At least with some domestic spending, there is some benefit at times.  Sure, the government destroys the education system and the medical care system, but at least some expenditures are useful, even if they are a misallocation of resources.  The government could spend money to buy everyone in the country a new television.  Some people don’t want or need a new television.  If anyone wants a new television, they could go out and buy it themselves instead of having the government do it for them.  But if such a government program existed, at least there would be some use for the resources, even if they are misdirected.  In the case of much of the military spending, it is completely wasteful or outright destructive.

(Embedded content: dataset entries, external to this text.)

(* Let $n$ be a positive square-free odd integer. The following are equivalent: (1) there is a positive integer $k$ such that a square with rational side length can be dissected into $2nk^2$ congruent almost rational right triangles; (2) $2n$ is $\pi/4$-congruent or $3\pi/4$-congruent.
   Context: A dissection (tiling) of a polygon $P$ is a decomposition of $P$ into finitely many pairwise non-overlapping polygons whose union is $P$. A right triangle is called almost rational if its perpendicular sides have rational lengths $a$ and $b$ such that $a^2 + 2b^2 + 2ab$ or $a^2 + 2b^2 - 2ab$ is the square of a rational number. For $\theta \in \{\pi/4,3\pi/4\}$, a positive integer $n$ is $\theta$-congruent if there exist positive rationals $a,b,c$ such that the triangle with sides $a$, $b\sqrt2$, $c$ has angle $\theta$ opposite $c$ and area $n$; equivalently $ab = 2n$ and $c^2 = a^2+2b^2-2ab$ (for $\theta = \pi/4$), resp. $c^2 = a^2+2b^2+2ab$ (for $\theta=3\pi/4$). *)

theory Defs
  imports "HOL-Analysis.Analysis" "HOL-Computational_Algebra.Squarefree"
begin

definition plane_isometry :: "(complex \<Rightarrow> complex) \<Rightarrow> bool" where
  "plane_isometry f \<longleftrightarrow> (\<forall>x y. dist (f x) (f y) = dist x y)"

definition congruent_sets :: "complex set \<Rightarrow> complex set \<Rightarrow> bool" where
  "congruent_sets A B \<longleftrightarrow> (\<exists>f. plane_isometry f \<and> f ` B = A)"
lemma smooth_embedding_V12: "smooth_embedding U12 V12"
proof (rule smooth_embedding_polynomial_functionI
    [where Df = "\<lambda>z. DV2 (uw_plane z) \<circ> uw_plane"
       and g = "\<lambda>p. vector [V2_inv p $ 1, V2_inv p $ 3]"])
  show "open U12"
    unfolding U12_def by (intro open_Collect_neq continuous_intros)
  have "V12 ` U12 \<subseteq> V2 ` U2"
    by (auto simp: V12_def U12_def U2_def)
  then have "continuous_on (V12 ` U12) V2_inv"
    using continuous_on_V2_inv by (rule continuous_on_subset[rotated])
  then show "continuous_on (V12 ` U12) (\<lambda>p. vector [V2_inv p $ 1, V2_inv p $ 3] :: real^2)"
    apply (intro continuous_on_vec_componentwise)
    subgoal for i using exhaust_2[of i] by (elim disjE; simp add: continuous_on_component)
    done
  have "inj uw_plane" by (rule injI) (simp add: vec_eq_iff_3 vec_eq_iff_2)
  then show "inj (DV2 (uw_plane z) \<circ> uw_plane)" if "z \<in> U12" for z
    using that by (intro inj_compose inj_DV2) (simp_all add: U12_def)
  show "vector [V2_inv (V12 z) $ 1, V2_inv (V12 z) $ 3] = z" if "z \<in> U12" for z
    using that V2_inv_V2[of "uw_plane z"] by (simp add: V12_def U12_def U2_def vec_eq_iff_2)
qed (auto simp: polynomial_function_V12 has_derivative_V12 o_def)

lemma D1_Int_D2: "D1 \<inter> D2 = V12 ` U12"
proof (intro equalityI subsetI)
  fix p assume "p \<in> D1 \<inter> D2"
  then obtain y where y: "y \<in> U2" "p = V2 y" and "p$5 = 0"
    by (auto simp: D1_eq D2_def)
  then have "y = uw_plane (vector [y$1, y$3])" by (simp add: vec_eq_iff_3)
  with y have "p = V12 (vector [y$1, y$3])" "vector [y$1, y$3] \<in> U12"
    by (simp_all add: V12_def U12_def U2_def)
  then show "p \<in> V12 ` U12" by blast
next
  fix p assume "p \<in> V12 ` U12"
  then obtain z where "z$1 \<noteq> 0" "p = V2 (uw_plane z)" by (auto simp: V12_def U12_def)
  then show "p \<in> D1 \<inter> D2" by (auto simp: D1_eq D2_def U2_def)
qed

lemma range_V1_Int_range_DV2:
  assumes "y$2 = 0"
  shows "range V1 \<inter> range (DV2 y) = DV2 y ` range uw_plane"
  using assms by (auto simp: range_V1 range_uw_plane)

text \<open>\<open>\<V>\<^sub>1\<close> is linear, so its tangent space is the same at every point \<open>x\<close>.\<close>
lemma tangent_at_V1_Int_tangent_at_V2:
  assumes "y \<in> U2" and "z \<in> U12" and "V2 y = V12 z"
  shows "tangent_at V1 x \<inter> tangent_at V2 y = tangent_at V12 z"
proof -
  have "y = uw_plane z"
    using assms smooth_embedding_V2
    by (auto simp: smooth_embedding_def V12_def U12_def U2_def dest: inj_onD)
  then have "tangent_at V1 x \<inter> tangent_at V2 y = range V1 \<inter> range (DV2 (uw_plane z))"
    unfolding tangent_at_def by (metis frechet_derivative_at has_derivative_V1 has_derivative_V2)
  also have "\<dots> = range (\<lambda>k. DV2 (uw_plane z) (uw_plane k))"
    by (simp add: range_V1_Int_range_DV2 image_image)
  also have "\<dots> = tangent_at V12 z"
    unfolding tangent_at_def by (metis frechet_derivative_at has_derivative_V12)
  finally show ?thesis .
qed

Virtually all government spending is a misallocation of resources.  It is impossible for the government or anyone else to match up consumer preferences except for the consumers themselves.

The federal government, under Trump’s proposal, would continue to spend $4 trillion annually.  The government is sucking up resources that could be put to better use.  Of course, the government also destroys wealth and prevents future wealth creation through its tens of thousands of pages of rules and regulations.

The scary thing about Trump’s proposal is that it is just a starting point.  The way bipartisanship works in Washington DC is that both sides compromise by giving each side the bigger government they want.  The different sides will come to an agreement to allow the increased spending for the military while reducing the cuts proposed for domestic programs.

If Trump actually wants to significantly help the U.S. economy and the struggling American middle class, then he needs to get substantial cuts to both regulations and overall spending.  We need a sharp overall decrease in the federal budget which would put resources back in the hands of consumers and investors.

Savings and capital investment are what ultimately lead to higher living standards.  For this, we need a massive reduction in government.